▶ _TASK_:
Beneath this line is the data. Output exactly the lines from the line with "by (simp add: sum_distrib_left mult_ac)" to the line with "seqs X (length", both ends included, and nothing more.

Saved data entries
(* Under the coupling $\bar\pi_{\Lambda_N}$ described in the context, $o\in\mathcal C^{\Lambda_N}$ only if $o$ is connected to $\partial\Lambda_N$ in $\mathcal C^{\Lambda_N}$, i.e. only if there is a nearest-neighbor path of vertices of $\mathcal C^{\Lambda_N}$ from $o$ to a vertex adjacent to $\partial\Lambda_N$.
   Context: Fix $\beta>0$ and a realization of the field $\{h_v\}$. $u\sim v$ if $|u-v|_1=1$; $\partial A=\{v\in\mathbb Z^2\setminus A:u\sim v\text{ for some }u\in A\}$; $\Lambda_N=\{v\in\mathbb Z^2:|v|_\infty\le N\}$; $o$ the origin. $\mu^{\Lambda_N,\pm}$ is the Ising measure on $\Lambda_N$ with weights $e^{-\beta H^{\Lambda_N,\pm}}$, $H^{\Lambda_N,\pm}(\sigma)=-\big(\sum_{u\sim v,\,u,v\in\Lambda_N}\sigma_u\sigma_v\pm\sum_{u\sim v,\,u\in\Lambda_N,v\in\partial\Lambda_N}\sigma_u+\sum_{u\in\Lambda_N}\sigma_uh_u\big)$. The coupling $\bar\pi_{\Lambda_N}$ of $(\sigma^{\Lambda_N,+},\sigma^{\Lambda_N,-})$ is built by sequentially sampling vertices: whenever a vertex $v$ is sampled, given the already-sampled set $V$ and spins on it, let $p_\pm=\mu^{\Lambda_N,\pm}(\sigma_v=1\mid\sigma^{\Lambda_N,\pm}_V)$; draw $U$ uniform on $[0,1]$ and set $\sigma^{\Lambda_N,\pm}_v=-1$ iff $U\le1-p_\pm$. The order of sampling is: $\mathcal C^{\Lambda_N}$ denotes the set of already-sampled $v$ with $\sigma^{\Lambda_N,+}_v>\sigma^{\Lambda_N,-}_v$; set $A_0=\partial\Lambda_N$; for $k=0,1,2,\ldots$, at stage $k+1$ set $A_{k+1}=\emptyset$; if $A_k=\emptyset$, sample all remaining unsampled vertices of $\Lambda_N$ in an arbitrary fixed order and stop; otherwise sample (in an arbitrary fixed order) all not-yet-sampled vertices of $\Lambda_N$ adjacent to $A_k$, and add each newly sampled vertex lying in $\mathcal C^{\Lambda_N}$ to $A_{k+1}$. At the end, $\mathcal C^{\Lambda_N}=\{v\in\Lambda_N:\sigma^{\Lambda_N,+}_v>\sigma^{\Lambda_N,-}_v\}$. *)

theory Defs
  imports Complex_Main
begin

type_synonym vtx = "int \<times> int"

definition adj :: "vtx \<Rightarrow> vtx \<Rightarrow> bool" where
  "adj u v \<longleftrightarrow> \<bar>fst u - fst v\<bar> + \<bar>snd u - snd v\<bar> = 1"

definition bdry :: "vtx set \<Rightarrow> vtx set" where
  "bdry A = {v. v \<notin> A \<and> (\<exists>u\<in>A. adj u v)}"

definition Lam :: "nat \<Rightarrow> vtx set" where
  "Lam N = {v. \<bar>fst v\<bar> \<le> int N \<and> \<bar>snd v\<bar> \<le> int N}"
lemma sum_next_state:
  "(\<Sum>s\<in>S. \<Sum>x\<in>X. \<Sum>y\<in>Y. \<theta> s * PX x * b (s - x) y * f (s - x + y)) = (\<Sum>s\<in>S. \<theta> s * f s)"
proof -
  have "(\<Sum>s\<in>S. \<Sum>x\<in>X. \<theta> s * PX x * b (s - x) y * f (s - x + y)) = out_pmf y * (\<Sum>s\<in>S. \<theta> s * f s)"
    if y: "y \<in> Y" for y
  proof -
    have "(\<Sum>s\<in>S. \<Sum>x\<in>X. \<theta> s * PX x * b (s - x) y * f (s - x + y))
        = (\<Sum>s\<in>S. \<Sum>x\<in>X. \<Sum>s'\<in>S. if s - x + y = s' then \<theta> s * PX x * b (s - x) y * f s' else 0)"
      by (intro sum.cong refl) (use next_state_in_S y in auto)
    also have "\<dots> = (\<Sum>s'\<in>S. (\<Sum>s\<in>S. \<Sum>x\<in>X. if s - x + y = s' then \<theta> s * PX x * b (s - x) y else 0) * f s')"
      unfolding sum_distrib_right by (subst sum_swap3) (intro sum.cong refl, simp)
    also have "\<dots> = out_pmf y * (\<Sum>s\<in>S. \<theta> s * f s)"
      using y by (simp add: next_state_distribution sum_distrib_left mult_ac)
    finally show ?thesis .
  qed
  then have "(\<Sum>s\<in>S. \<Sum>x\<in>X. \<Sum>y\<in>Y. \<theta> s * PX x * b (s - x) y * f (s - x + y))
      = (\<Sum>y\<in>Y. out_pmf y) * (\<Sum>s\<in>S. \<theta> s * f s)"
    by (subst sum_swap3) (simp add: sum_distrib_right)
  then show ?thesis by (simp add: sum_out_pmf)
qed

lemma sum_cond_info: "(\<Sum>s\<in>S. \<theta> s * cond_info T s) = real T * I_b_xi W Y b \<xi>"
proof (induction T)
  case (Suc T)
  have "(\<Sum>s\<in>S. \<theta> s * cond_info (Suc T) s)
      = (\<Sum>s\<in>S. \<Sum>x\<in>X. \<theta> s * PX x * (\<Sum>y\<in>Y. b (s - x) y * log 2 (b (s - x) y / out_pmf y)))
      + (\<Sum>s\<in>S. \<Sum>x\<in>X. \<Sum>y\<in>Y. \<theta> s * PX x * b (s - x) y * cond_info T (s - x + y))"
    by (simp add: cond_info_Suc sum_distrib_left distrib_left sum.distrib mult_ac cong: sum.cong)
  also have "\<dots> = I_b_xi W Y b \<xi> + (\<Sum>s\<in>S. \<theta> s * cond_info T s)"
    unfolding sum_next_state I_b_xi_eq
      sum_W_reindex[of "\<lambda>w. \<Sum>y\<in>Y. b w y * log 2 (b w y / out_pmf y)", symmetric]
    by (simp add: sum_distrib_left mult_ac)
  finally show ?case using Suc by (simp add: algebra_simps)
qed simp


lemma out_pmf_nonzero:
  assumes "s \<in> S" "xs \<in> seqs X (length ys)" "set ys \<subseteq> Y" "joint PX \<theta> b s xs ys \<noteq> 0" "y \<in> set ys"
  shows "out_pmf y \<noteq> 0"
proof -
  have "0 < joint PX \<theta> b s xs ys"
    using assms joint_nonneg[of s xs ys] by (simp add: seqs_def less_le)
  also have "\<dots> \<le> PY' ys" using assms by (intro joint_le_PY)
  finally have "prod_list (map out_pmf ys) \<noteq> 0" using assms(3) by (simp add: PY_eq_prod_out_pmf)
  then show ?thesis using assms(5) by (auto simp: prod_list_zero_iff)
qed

▶ _ANSWER BOX_:
    by (simp add: sum_distrib_left mult_ac)
  finally show ?case using Suc by (simp add: algebra_simps)
qed simp


lemma out_pmf_nonzero:
  assumes "s \<in> S" "xs \<in> seqs X (length ys)" "set ys \<subseteq> Y" "joint PX \<theta> b s xs ys \<noteq> 0" "y \<in> set ys"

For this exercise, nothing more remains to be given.